Background information
- Origin: Houston, Texas, U.S.
- Genres: Rock
- Occupations: Musician, songwriter
- Instruments: Vocals, guitar
- Years active: 1990s–present
- Labels: Raven, Mercury, Valley Entertainment, Rhythmic Records
- Website: www.trishmurphy.com

= Trish Murphy =

American singer-songwriter

Trish Murphy is an American singer-songwriter, based in Austin, Texas, United States. She appeared in the Austin City Limits Music Festival twice and has released four records.

== Music career ==
Trish Murphy grew up in Houston, Texas, the daughter of a struggling musician and songwriter. After earning a Bachelor's Degree in Philosophy from the University of Dallas, she formed an eponymous duo with her brother, Darin Murphy, called Trish & Darin. They performed in Houston for several years in the early 1990s. In 1996, Murphy relocated to Austin, and the following year, released her independent album, Crooked Mile. In 1998 and 1999, Murphy performed live as part of the Lilith Fair tour. In 1999, Murphy released her album, Rubies on the Lawn, on Doolittle/Mercury Records. In 2001, she released the independent live acoustic album, Captured.

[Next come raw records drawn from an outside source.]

lemma sum_shift_cols_row_assign:
  assumes "x \<in> row_assign p q" "i \<in> {1..p}" "j \<in> {1..q}"
  shows "(\<Sum>a<q. shift_cols q a x i j) = 1"
  using sum.reindex_bij_betw[OF bij_betw_cyc_shift_offset[OF assms(3)], of "x i"] assms(1,2)
  by (simp add: row_assign_def shift_cols_def)

lemma sum_shift_rows_col_assign:
  assumes "y \<in> col_assign r s" "k \<in> {1..r}" "l \<in> {1..s}"
  shows "(\<Sum>b<r. shift_rows r b y k l) = 1"
proof -
  have "transpose_mat y \<in> row_assign s r"
    using assms(1) by (simp add: transpose_mat_in_row_assign_iff)
  then show ?thesis
    using sum_shift_cols_row_assign[of "transpose_mat y" s r l k] assms(2,3)
    by (simp add: shift_rows_eq_transpose transpose_mat_def)
qed

text \<open>\<open>x\<close> is \<open>p \<times> q\<close> and \<open>y\<close> is \<open>r \<times> s\<close>; the objectives \<open>f1\<close> and \<open>f2\<close> are the cases
  \<open>(m, n, m, n)\<close> and \<open>(m, m, n, n)\<close>.\<close>
definition bqap_objective ::
    "nat \<Rightarrow> nat \<Rightarrow> nat \<Rightarrow> nat \<Rightarrow> (nat \<Rightarrow> nat \<Rightarrow> nat \<Rightarrow> nat \<Rightarrow> real) \<Rightarrow> (nat \<Rightarrow> nat \<Rightarrow> real)
      \<Rightarrow> (nat \<Rightarrow> nat \<Rightarrow> real) \<Rightarrow> (nat \<Rightarrow> nat \<Rightarrow> real) \<Rightarrow> (nat \<Rightarrow> nat \<Rightarrow> real) \<Rightarrow> real" where
  "bqap_objective p q r s Q c d x y =
     (\<Sum>i\<in>{1..p}. \<Sum>j\<in>{1..q}. \<Sum>k\<in>{1..r}. \<Sum>l\<in>{1..s}. Q i j k l * x i j * y k l)
     + (\<Sum>i\<in>{1..p}. \<Sum>j\<in>{1..q}. c i j * x i j)
     + (\<Sum>k\<in>{1..r}. \<Sum>l\<in>{1..s}. d k l * y k l)"

lemma sum_bqap_objective:
  "(\<Sum>(a, b)\<in>A \<times> B. bqap_objective p q r s Q c d (u a) (v b)) =
     (\<Sum>i\<in>{1..p}. \<Sum>j\<in>{1..q}. \<Sum>k\<in>{1..r}. \<Sum>l\<in>{1..s}.
        Q i j k l * (\<Sum>a\<in>A. u a i j) * (\<Sum>b\<in>B. v b k l))
     + real (card B) * (\<Sum>i\<in>{1..p}. \<Sum>j\<in>{1..q}. c i j * (\<Sum>a\<in>A. u a i j))
     + real (card A) * (\<Sum>k\<in>{1..r}. \<Sum>l\<in>{1..s}. d k l * (\<Sum>b\<in>B. v b k l))"
proof -
  have swap: "(\<Sum>(a, b)\<in>A \<times> B. \<Sum>i\<in>I. g a b i) = (\<Sum>i\<in>I. \<Sum>(a, b)\<in>A \<times> B. g a b i)"
    for I :: "nat set" and g :: "_ \<Rightarrow> _ \<Rightarrow> _ \<Rightarrow> real"
    unfolding split_def by (rule sum.swap)
  have product: "(\<Sum>(a, b)\<in>A \<times> B. K * f a * g b) = K * (\<Sum>a\<in>A. f a) * (\<Sum>b\<in>B. g b)"
    and left: "(\<Sum>(a, b)\<in>A \<times> B. K * f a) = real (card B) * (K * (\<Sum>a\<in>A. f a))"
    and right: "(\<Sum>(a, b)\<in>A \<times> B. K * g b) = real (card A) * (K * (\<Sum>b\<in>B. g b))"
    for K :: real and f g
    by (simp_all add: sum.cartesian_product[symmetric] sum_product sum_distrib_left mult_ac)
  have quadratic: "(\<Sum>(a, b)\<in>A \<times> B.
        \<Sum>i\<in>{1..p}. \<Sum>j\<in>{1..q}. \<Sum>k\<in>{1..r}. \<Sum>l\<in>{1..s}. Q i j k l * u a i j * v b k l) =
      (\<Sum>i\<in>{1..p}. \<Sum>j\<in>{1..q}. \<Sum>k\<in>{1..r}. \<Sum>l\<in>{1..s}.
        Q i j k l * (\<Sum>a\<in>A. u a i j) * (\<Sum>b\<in>B. v b k l))"
    by (simp only: swap product)
  have linear_x: "(\<Sum>(a, b)\<in>A \<times> B. \<Sum>i\<in>{1..p}. \<Sum>j\<in>{1..q}. c i j * u a i j) =
      real (card B) * (\<Sum>i\<in>{1..p}. \<Sum>j\<in>{1..q}. c i j * (\<Sum>a\<in>A. u a i j))"
    by (simp only: swap left sum_distrib_left)
  have linear_y: "(\<Sum>(a, b)\<in>A \<times> B. \<Sum>k\<in>{1..r}. \<Sum>l\<in>{1..s}. d k l * v b k l) =
      real (card A) * (\<Sum>k\<in>{1..r}. \<Sum>l\<in>{1..s}. d k l * (\<Sum>b\<in>B. v b k l))"
    by (simp only: swap right sum_distrib_left)
  show ?thesis
    unfolding bqap_objective_def split_def sum.distrib
    by (simp only: quadratic[unfolded split_def] linear_x[unfolded split_def] linear_y[unfolded split_def])
qed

Following a several year sabbatical from performing, Murphy released her 2005 album, Girls Get In Free. This record's CD release party benefitted GENAustin, a non-profit outreach program that helps middle-school-aged girls develop strong self-esteem. Murphy is also a member of GENAustin's Board of Directors.

Murphy has performed twice at the Austin City Limits Music Festival.

Murphy is also a member of the Austin-based band, SKYROCKET!, a predominantly 1970-80s cover band that performs throughout Texas.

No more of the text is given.